*Entries supplied*.
(* Let $U\subset N$ be a coordinate chart with coordinates $(x^1,x^2)$ on a surface with projective structure $[\nabla]$, and on $U\times\mathbb{R}_2$ with fibre coordinates $(\xi_1,\xi_2)$ associate to each torsion-free connection $\nabla\in[\nabla]$ with Christoffel symbols $\Gamma^k_{ij}$ and Schouten tensor $\mathrm{P}_{ij}$ the metric $$g_\nabla=\left(d\xi_i-\left(\Gamma_{ij}^k \xi_k -\xi_i\xi_j-\mathrm{P}_{ji}\right)dx^j\right)\odot dx^i .$$ This metric does not depend on the choice of connection in the projective class: if $\hat\nabla\in[\nabla]$ is related to $\nabla$ by $\hat{\Gamma}^i_{jk}=\Gamma^i_{jk}+\delta^i_j\Upsilon_k+\delta^i_k\Upsilon_j$ for a $1$-form $\Upsilon$, and the fibre coordinates are changed by $\hat\xi_i=\xi_i+\Upsilon_i$, then $g_{\hat\nabla}$ written in the coordinates $(x^i,\hat\xi_i)$ coincides with $g_\nabla$ written in the coordinates $(x^i,\xi_i)$.
   Context: A projective structure $[\nabla]$ on a surface $N$ is an equivalence class of torsion-free connections on $TN$ with the same unparametrised geodesics; two torsion-free connections are projectively equivalent iff their Christoffel symbols are related by $\hat{\Gamma}^i_{jk}=\Gamma^i_{jk}+\delta^i_j\Upsilon_k+\delta^i_k\Upsilon_j$ for some $1$-form $\Upsilon$. The curvature is defined by $[\nabla_i,\nabla_j]X^k=R_{ij}{}^k{}_lX^l$, and the (not necessarily symmetric) Schouten tensor $\mathrm{P}_{ij}$ is defined by the unique decomposition $R_{ij}{}^k{}_l=\delta_i{}^k\mathrm{P}_{jl}-\delta_j{}^k\mathrm{P}_{il}-2\mathrm{P}_{[ij]}\delta_l{}^k$. Indices run over $1,2$ with summation convention, and $\odot$ denotes the symmetric tensor product. The coordinates $\xi_i$ are affine fibre coordinates of (an affine chart in) the projectivised tractor bundle of $(N,[\nabla])$. *)

theory Defs
  imports "HOL-Analysis.Analysis"
begin

text \<open>Local coordinates on a chart U of the surface are points of real^2; indices run over
the two-element type 2. A connection is given by its Christoffel symbols:
G k i j x is the symbol with upper index k and lower indices i j at the point x.\<close>

type_synonym christoffel = "2 \<Rightarrow> 2 \<Rightarrow> 2 \<Rightarrow> real^2 \<Rightarrow> real"

definition kdelta :: "2 \<Rightarrow> 2 \<Rightarrow> real" where
  "kdelta i j = (if i = j then 1 else 0)"

definition pd :: "2 \<Rightarrow> (real^2 \<Rightarrow> real) \<Rightarrow> real^2 \<Rightarrow> real" where
  "pd i f x = frechet_derivative f (at x) (axis i 1)"

text \<open>Curvature R_ij^k_l defined by [nabla_i, nabla_j] X^k = R_ij^k_l X^l, where
nabla_i X^k = d_i X^k + G^k_il X^l (torsion-free connection).\<close>
definition curv :: "christoffel \<Rightarrow> real^2 \<Rightarrow> 2 \<Rightarrow> 2 \<Rightarrow> 2 \<Rightarrow> 2 \<Rightarrow> real" where
  "curv G x i j k l =
     pd i (G k j l) x - pd j (G k i l) x
     + (\<Sum>m\<in>UNIV. G k i m x * G m j l x - G k j m x * G m i l x)"

definition is_schouten :: "christoffel \<Rightarrow> real^2 \<Rightarrow> (2 \<Rightarrow> 2 \<Rightarrow> real) \<Rightarrow> bool" where
  "is_schouten G x P \<longleftrightarrow>
     (\<forall>i j k l. curv G x i j k l =
        kdelta i k * P j l - kdelta j k * P i l - (P i j - P j i) * kdelta l k)"

definition schouten :: "christoffel \<Rightarrow> real^2 \<Rightarrow> 2 \<Rightarrow> 2 \<Rightarrow> real" where
  "schouten G x = (THE P. is_schouten G x P)"

text \<open>The metric g_nabla at the point (x, xi) of U x R_2, evaluated on two tangent vectors
(v, w) where v are the dx-components and w the dxi-components.
g = theta_i \<odot> dx^i with theta_i = dxi_i - (G^k_ij xi_k - xi_i xi_j - P_ji) dx^j and
alpha \<odot> beta = (alpha \<otimes> beta + beta \<otimes> alpha)/2.\<close>
definition gmet :: "christoffel \<Rightarrow> real^2 \<Rightarrow> real^2 \<Rightarrow> (real^2) \<times> (real^2) \<Rightarrow> (real^2) \<times> (real^2) \<Rightarrow> real" where
  "gmet G x xi X Y =
     (let P = schouten G x;
          theta = (\<lambda>i (v::real^2, w::real^2).
             w $ i - (\<Sum>j\<in>UNIV. ((\<Sum>k\<in>UNIV. G k i j x * xi $ k) - xi $ i * xi $ j - P j i) * v $ j))
      in (\<Sum>i\<in>UNIV. (theta i X * (fst Y) $ i + theta i Y * (fst X) $ i) / 2))"

definition proj_change :: "christoffel \<Rightarrow> (real^2 \<Rightarrow> real^2) \<Rightarrow> christoffel" where
  "proj_change G Upsilon =
     (\<lambda>k i j x. G k i j x + kdelta k i * Upsilon x $ j + kdelta k j * Upsilon x $ i)"

end

theory Submission imports Defs begin

text \<open>The metric is theta_i \<odot> dx^i with theta_i = d xi_i - (...) dx^j (here coframe), and each
theta_i is separately invariant: the extra term d Upsilon_i = d_j Upsilon_i dx^j coming from the
change of fibre coordinate is cancelled by the transformation law of the Schouten tensor,
which on a surface follows by solving the curvature decomposition explicitly for P.\<close>

lemma has_derivative_vec_nth_comp:
  assumes "U differentiable (at x)"
  shows "((\<lambda>y. U y $ l) has_derivative (\<lambda>h. frechet_derivative U (at x) h $ l)) (at x)"
  using bounded_linear.has_derivative[OF bounded_linear_vec_nth
      assms[unfolded frechet_derivative_works]] .

lemma pd_vec_nth:
  assumes "U differentiable (at x)"
  shows "pd i (\<lambda>y. U y $ l) x = frechet_derivative U (at x) (axis i 1) $ l"
  unfolding pd_def using frechet_derivative_at[OF has_derivative_vec_nth_comp[OF assms]] by metis

lemma frechet_derivative_vec_nth_eq_sum_pd:
  assumes "U differentiable (at x)"
  shows "frechet_derivative U (at x) v $ l = (\<Sum>j\<in>UNIV. v $ j * pd j (\<lambda>y. U y $ l) x)"
proof -
  have lin: "linear (frechet_derivative U (at x))"
    using linear_frechet_derivative[OF assms] .
  have "v = v $ 1 *\<^sub>R axis 1 1 + v $ 2 *\<^sub>R axis 2 1"
    by (simp add: vec_eq_iff forall_2 axis_def)
  then have "frechet_derivative U (at x) v
      = v $ 1 *\<^sub>R frechet_derivative U (at x) (axis 1 1)
        + v $ 2 *\<^sub>R frechet_derivative U (at x) (axis 2 1)"
    by (metis linear_add[OF lin] linear_scale[OF lin])
  then show ?thesis by (simp add: pd_vec_nth[OF assms] sum_2)
qed

lemma pd_proj_change:
  assumes "G k j l differentiable (at x)" and "U differentiable (at x)"
  shows "pd i (proj_change G U k j l) x
    = pd i (G k j l) x + kdelta k j * pd i (\<lambda>y. U y $ l) x + kdelta k l * pd i (\<lambda>y. U y $ j) x"
proof -
  have h: "(proj_change G U k j l has_derivative
     (\<lambda>h. frechet_derivative (G k j l) (at x) h + kdelta k j * frechet_derivative U (at x) h $ l
          + kdelta k l * frechet_derivative U (at x) h $ j)) (at x)"
    unfolding proj_change_def
    by (intro derivative_intros has_derivative_vec_nth_comp assms(2)
        assms(1)[unfolded frechet_derivative_works])
  show ?thesis
    unfolding pd_def frechet_derivative_at[OF h, symmetric]
    using pd_vec_nth[OF assms(2)] unfolding pd_def by simp
qed

text \<open>On a surface the curvature has only the components R_12^k_l, and the decomposition
defining the Schouten tensor can be solved for P explicitly.\<close>

definition schouten_of_curv :: "(2 \<Rightarrow> 2 \<Rightarrow> 2 \<Rightarrow> 2 \<Rightarrow> real) \<Rightarrow> 2 \<Rightarrow> 2 \<Rightarrow> real" where
  "schouten_of_curv R = (\<lambda>i j.
     if i = 1 then (if j = 1 then - R 1 2 2 1 else (R 1 2 1 1 - 2 * R 1 2 2 2) / 3)
     else (if j = 1 then (2 * R 1 2 1 1 - R 1 2 2 2) / 3 else R 1 2 1 2))"

lemma curv_swap: "curv G x j i k l = - curv G x i j k l"
  unfolding curv_def by (simp add: sum_2 algebra_simps)

lemma curv_diag: "curv G x i i k l = 0"
  unfolding curv_def by simp

lemma is_schouten_schouten_of_curv: "is_schouten G x (schouten_of_curv (curv G x))"
  unfolding is_schouten_def forall_2 kdelta_def schouten_of_curv_def
  by (simp add: curv_diag curv_swap[of G x 2 1] field_simps)

lemma is_schouten_unique:
  assumes "is_schouten G x P"
  shows "P = schouten_of_curv (curv G x)"
proof (intro ext)
  fix i j :: 2
  have R12: "\<And>k l. curv G x 1 2 k l
      = kdelta 1 k * P 2 l - kdelta 2 k * P 1 l - (P 1 2 - P 2 1) * kdelta l k"
    using assms unfolding is_schouten_def by blast
  show "P i j = schouten_of_curv (curv G x) i j"
    using exhaust_2[of i] exhaust_2[of j] R12[of 1 1] R12[of 1 2] R12[of 2 1] R12[of 2 2]
    by (auto simp: schouten_of_curv_def kdelta_def field_simps)
qed

lemma schouten_eq_schouten_of_curv: "schouten G x = schouten_of_curv (curv G x)"
  unfolding schouten_def using is_schouten_schouten_of_curv is_schouten_unique by blast

lemma schouten_proj_change:
  assumes "\<And>k i j. G k i j differentiable (at x)" and "U differentiable (at x)"
    and "\<And>k. G k 2 1 x = G k 1 2 x"
  shows "schouten (proj_change G U) x j i
    = schouten G x j i - pd j (\<lambda>y. U y $ i) x + (\<Sum>k\<in>UNIV. G k i j x * U x $ k)
      + U x $ j * U x $ i"
  using exhaust_2[of i] exhaust_2[of j]
  unfolding schouten_eq_schouten_of_curv schouten_of_curv_def curv_def pd_proj_change[OF assms(1,2)]
  by (auto simp: sum_2 proj_change_def kdelta_def assms(3)
      field_simps)

definition coframe :: "christoffel \<Rightarrow> real^2 \<Rightarrow> real^2 \<Rightarrow> 2 \<Rightarrow> (real^2) \<times> (real^2) \<Rightarrow> real"
  where "coframe G x xi i X =
    snd X $ i - (\<Sum>j\<in>UNIV. ((\<Sum>k\<in>UNIV. G k i j x * xi $ k) - xi $ i * xi $ j
                               - schouten G x j i) * fst X $ j)"

lemma gmet_coframe:
  "gmet G x xi X Y
    = (\<Sum>i\<in>UNIV. (coframe G x xi i X * fst Y $ i + coframe G x xi i Y * fst X $ i) / 2)"
  unfolding gmet_def coframe_def Let_def by (simp add: case_prod_beta)

lemma coframe_proj_change:
  assumes "\<And>k i j. G k i j differentiable (at x)" and "U differentiable (at x)"
    and "\<And>k. G k 2 1 x = G k 1 2 x"
  shows "coframe (proj_change G U) x (xi + U x) i (v, w + frechet_derivative U (at x) v)
    = coframe G x xi i (v, w)"
  using exhaust_2[of i] unfolding coframe_def schouten_proj_change[OF assms]
  by (auto simp: frechet_derivative_vec_nth_eq_sum_pd[OF assms(2)] sum_2 proj_change_def kdelta_def assms(3) algebra_simps)

theorem theorem5p1:
  fixes U :: "(real^2) set" and G :: christoffel and Upsilon :: "real^2 \<Rightarrow> real^2"
  assumes "open U"
    and "\<forall>x\<in>U. \<forall>k i j. (G k i j) differentiable (at x)"
    and "\<forall>x\<in>U. \<forall>k i j. G k i j x = G k j i x"
    and "\<forall>x\<in>U. Upsilon differentiable (at x)"
  shows "\<forall>x\<in>U. \<forall>xi v w v' w'.
     gmet (proj_change G Upsilon) x (xi + Upsilon x)
          (v, w + frechet_derivative Upsilon (at x) v)
          (v', w' + frechet_derivative Upsilon (at x) v')
     = gmet G x xi (v, w) (v', w')"
proof (intro ballI allI)
  fix x xi v w v' w'
  assume "x \<in> U"
  then have "\<And>k i j. G k i j differentiable (at x)" "Upsilon differentiable (at x)"
    "\<And>k. G k 2 1 x = G k 1 2 x"
    using assms(2-4) by blast+
  note invariant = coframe_proj_change[OF this]
  show "gmet (proj_change G Upsilon) x (xi + Upsilon x)
          (v, w + frechet_derivative Upsilon (at x) v)
          (v', w' + frechet_derivative Upsilon (at x) v')
     = gmet G x xi (v, w) (v', w')"
    by (simp add: gmet_coframe invariant)
qed

end
lemma (in group) finite_rcosets_iff_covered:
  assumes "subgroup H G"
  shows "finite (rcosets H) \<longleftrightarrow>
    (\<exists>R. finite R \<and> R \<subseteq> carrier G \<and> carrier G \<subseteq> (\<Union>r\<in>R. H #> r))"
proof
  assume fin: "finite (rcosets H)"
  define R where "R = (\<lambda>K. SOME r. r \<in> K) ` (rcosets H)"
  have "carrier G \<subseteq> (\<Union>r\<in>R. H #> r)"
  proof
    fix a assume a: "a \<in> carrier G"
    let ?r = "SOME r. r \<in> H #> a"
    have "?r \<in> H #> a"
      using rcos_self[OF a assms] by (rule someI)
    then have "H #> a = H #> ?r"
      using a assms by (rule repr_independence)
    moreover have "?r \<in> R"
      using a by (auto simp: R_def RCOSETS_def)
    ultimately show "a \<in> (\<Union>r\<in>R. H #> r)"
      using rcos_self[OF a assms] by auto
  qed
  moreover have "R \<subseteq> carrier G"
  proof
    fix r assume "r \<in> R"
    then obtain a where a: "a \<in> carrier G" and r: "r = (SOME r. r \<in> H #> a)"
      by (auto simp: R_def RCOSETS_def)
    have "r \<in> H #> a"
      unfolding r using rcos_self[OF a assms] by (rule someI)
    then show "r \<in> carrier G"
      using r_coset_subset_G[OF subgroup.subset[OF assms] a] by blast
  qed
  moreover have "finite R"
    using fin by (simp add: R_def)
  ultimately show "\<exists>R. finite R \<and> R \<subseteq> carrier G \<and> carrier G \<subseteq> (\<Union>r\<in>R. H #> r)"
    by blast
next
  assume "\<exists>R. finite R \<and> R \<subseteq> carrier G \<and> carrier G \<subseteq> (\<Union>r\<in>R. H #> r)"
  then obtain R where R: "finite R" "R \<subseteq> carrier G" "carrier G \<subseteq> (\<Union>r\<in>R. H #> r)"
    by blast
  have "rcosets H \<subseteq> (\<lambda>r. H #> r) ` R"
  proof
    fix K assume "K \<in> rcosets H"
    then obtain a where a: "a \<in> carrier G" "K = H #> a" by (auto simp: RCOSETS_def)
    then obtain r where r: "r \<in> R" "a \<in> H #> r" using R(3) by blast
    then have "H #> r = H #> a" using R(2) assms by (intro repr_independence) auto
    then show "K \<in> (\<lambda>r. H #> r) ` R" using a r by auto
  qed
  then show "finite (rcosets H)" using R(1) finite_subset by blast
qed

lemma finite_rcosets_mult_subgroup_extension:
  assumes B: "comm_group B" and A: "comm_group A"
    and f: "f \<in> hom B A" and f_surj: "f ` carrier B = carrier A"
    and fin_ker: "finite (kernel B A f)"
    and fin_A: "finite (rcosets\<^bsub>A\<^esub> (mult_subgroup A n))"
  shows "finite (rcosets\<^bsub>B\<^esub> (mult_subgroup B n))"
proof -
  interpret B: comm_group B by (rule B)
  interpret A: comm_group A by (rule A)
  interpret f: group_hom B A f
    by (simp add: group_hom_def group_hom_axioms_def A.group_axioms B.group_axioms f)
  obtain T where T: "finite T" "T \<subseteq> carrier A"
    and T_cover: "carrier A \<subseteq> (\<Union>t\<in>T. mult_subgroup A n #>\<^bsub>A\<^esub> t)"
    using fin_A unfolding A.finite_rcosets_iff_covered[OF A.subgroup_mult_subgroup] by blast
  have "\<forall>t\<in>T. \<exists>b. b \<in> carrier B \<and> f b = t"
    using T(2) unfolding f_surj[symmetric] by blast
  then obtain pre where pre: "\<And>t. t \<in> T \<Longrightarrow> pre t \<in> carrier B \<and> f (pre t) = t"
    by metis
  define R where "R = (\<lambda>(k, t). k \<otimes>\<^bsub>B\<^esub> pre t) ` (kernel B A f \<times> T)"
  have "carrier B \<subseteq> (\<Union>r\<in>R. mult_subgroup B n #>\<^bsub>B\<^esub> r)"
  proof
    fix b assume b: "b \<in> carrier B"
    then have "f b \<in> carrier A" by simp
    then obtain t where t: "t \<in> T" "f b \<in> mult_subgroup A n #>\<^bsub>A\<^esub> t"
      using T_cover by blast
    then obtain a where "a \<in> carrier A" "f b = a [^]\<^bsub>A\<^esub> n \<otimes>\<^bsub>A\<^esub> t"
      unfolding r_coset_def mult_subgroup_def by blast
    moreover obtain x where x: "x \<in> carrier B" "f x = a"
      using \<open>a \<in> carrier A\<close> unfolding f_surj[symmetric] by blast
    ultimately have fb: "f b = f (x [^]\<^bsub>B\<^esub> n) \<otimes>\<^bsub>A\<^esub> f (pre t)"
      using pre[OF t(1)] by (simp only: f.hom_nat_pow)
    define k where "k = inv\<^bsub>B\<^esub> (x [^]\<^bsub>B\<^esub> n) \<otimes>\<^bsub>B\<^esub> b \<otimes>\<^bsub>B\<^esub> inv\<^bsub>B\<^esub> pre t"
    have "f k = inv\<^bsub>A\<^esub> f (x [^]\<^bsub>B\<^esub> n) \<otimes>\<^bsub>A\<^esub> f b \<otimes>\<^bsub>A\<^esub> inv\<^bsub>A\<^esub> f (pre t)"
      using b x(1) pre[OF t(1)] by (simp add: k_def)
    also have "\<dots> = \<one>\<^bsub>A\<^esub>"
      unfolding fb using x(1) pre[OF t(1)] T(2) t(1) by (auto simp: A.m_assoc[symmetric])
    finally have "k \<in> kernel B A f"
      using b x(1) pre[OF t(1)] by (simp add: k_def kernel_def)
    then have "k \<otimes>\<^bsub>B\<^esub> pre t \<in> R"
      using t(1) by (force simp: R_def)
    moreover have "b = x [^]\<^bsub>B\<^esub> n \<otimes>\<^bsub>B\<^esub> (k \<otimes>\<^bsub>B\<^esub> pre t)"
      using b x(1) pre[OF t(1)] by (simp add: k_def B.m_assoc[symmetric]) (simp add: B.m_assoc)
    ultimately show "b \<in> (\<Union>r\<in>R. mult_subgroup B n #>\<^bsub>B\<^esub> r)"
      using x(1) unfolding r_coset_def mult_subgroup_def by blast
  qed
  moreover have "R \<subseteq> carrier B" and "finite R"
    using pre fin_ker T(1) by (auto simp: R_def kernel_def)
  ultimately show ?thesis
    using B.finite_rcosets_iff_covered[OF B.subgroup_mult_subgroup] by blast
qed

*Task statement*.
Only one part of the material above is to be transcribed, namely the lines starting with the line that has "in (\<Sum>i\<in>UNIV. (theta" and going on through the line that has "using bounded_linear.has_derivative[OF bounded_linear_vec_nth", exactly as they stand.

*Task solution*.
      in (\<Sum>i\<in>UNIV. (theta i X * (fst Y) $ i + theta i Y * (fst X) $ i) / 2))"

definition proj_change :: "christoffel \<Rightarrow> (real^2 \<Rightarrow> real^2) \<Rightarrow> christoffel" where
  "proj_change G Upsilon =
     (\<lambda>k i j x. G k i j x + kdelta k i * Upsilon x $ j + kdelta k j * Upsilon x $ i)"

end

theory Submission imports Defs begin

text \<open>The metric is theta_i \<odot> dx^i with theta_i = d xi_i - (...) dx^j (here coframe), and each
theta_i is separately invariant: the extra term d Upsilon_i = d_j Upsilon_i dx^j coming from the
change of fibre coordinate is cancelled by the transformation law of the Schouten tensor,
which on a surface follows by solving the curvature decomposition explicitly for P.\<close>

lemma has_derivative_vec_nth_comp:
  assumes "U differentiable (at x)"
  shows "((\<lambda>y. U y $ l) has_derivative (\<lambda>h. frechet_derivative U (at x) h $ l)) (at x)"
  using bounded_linear.has_derivative[OF bounded_linear_vec_nth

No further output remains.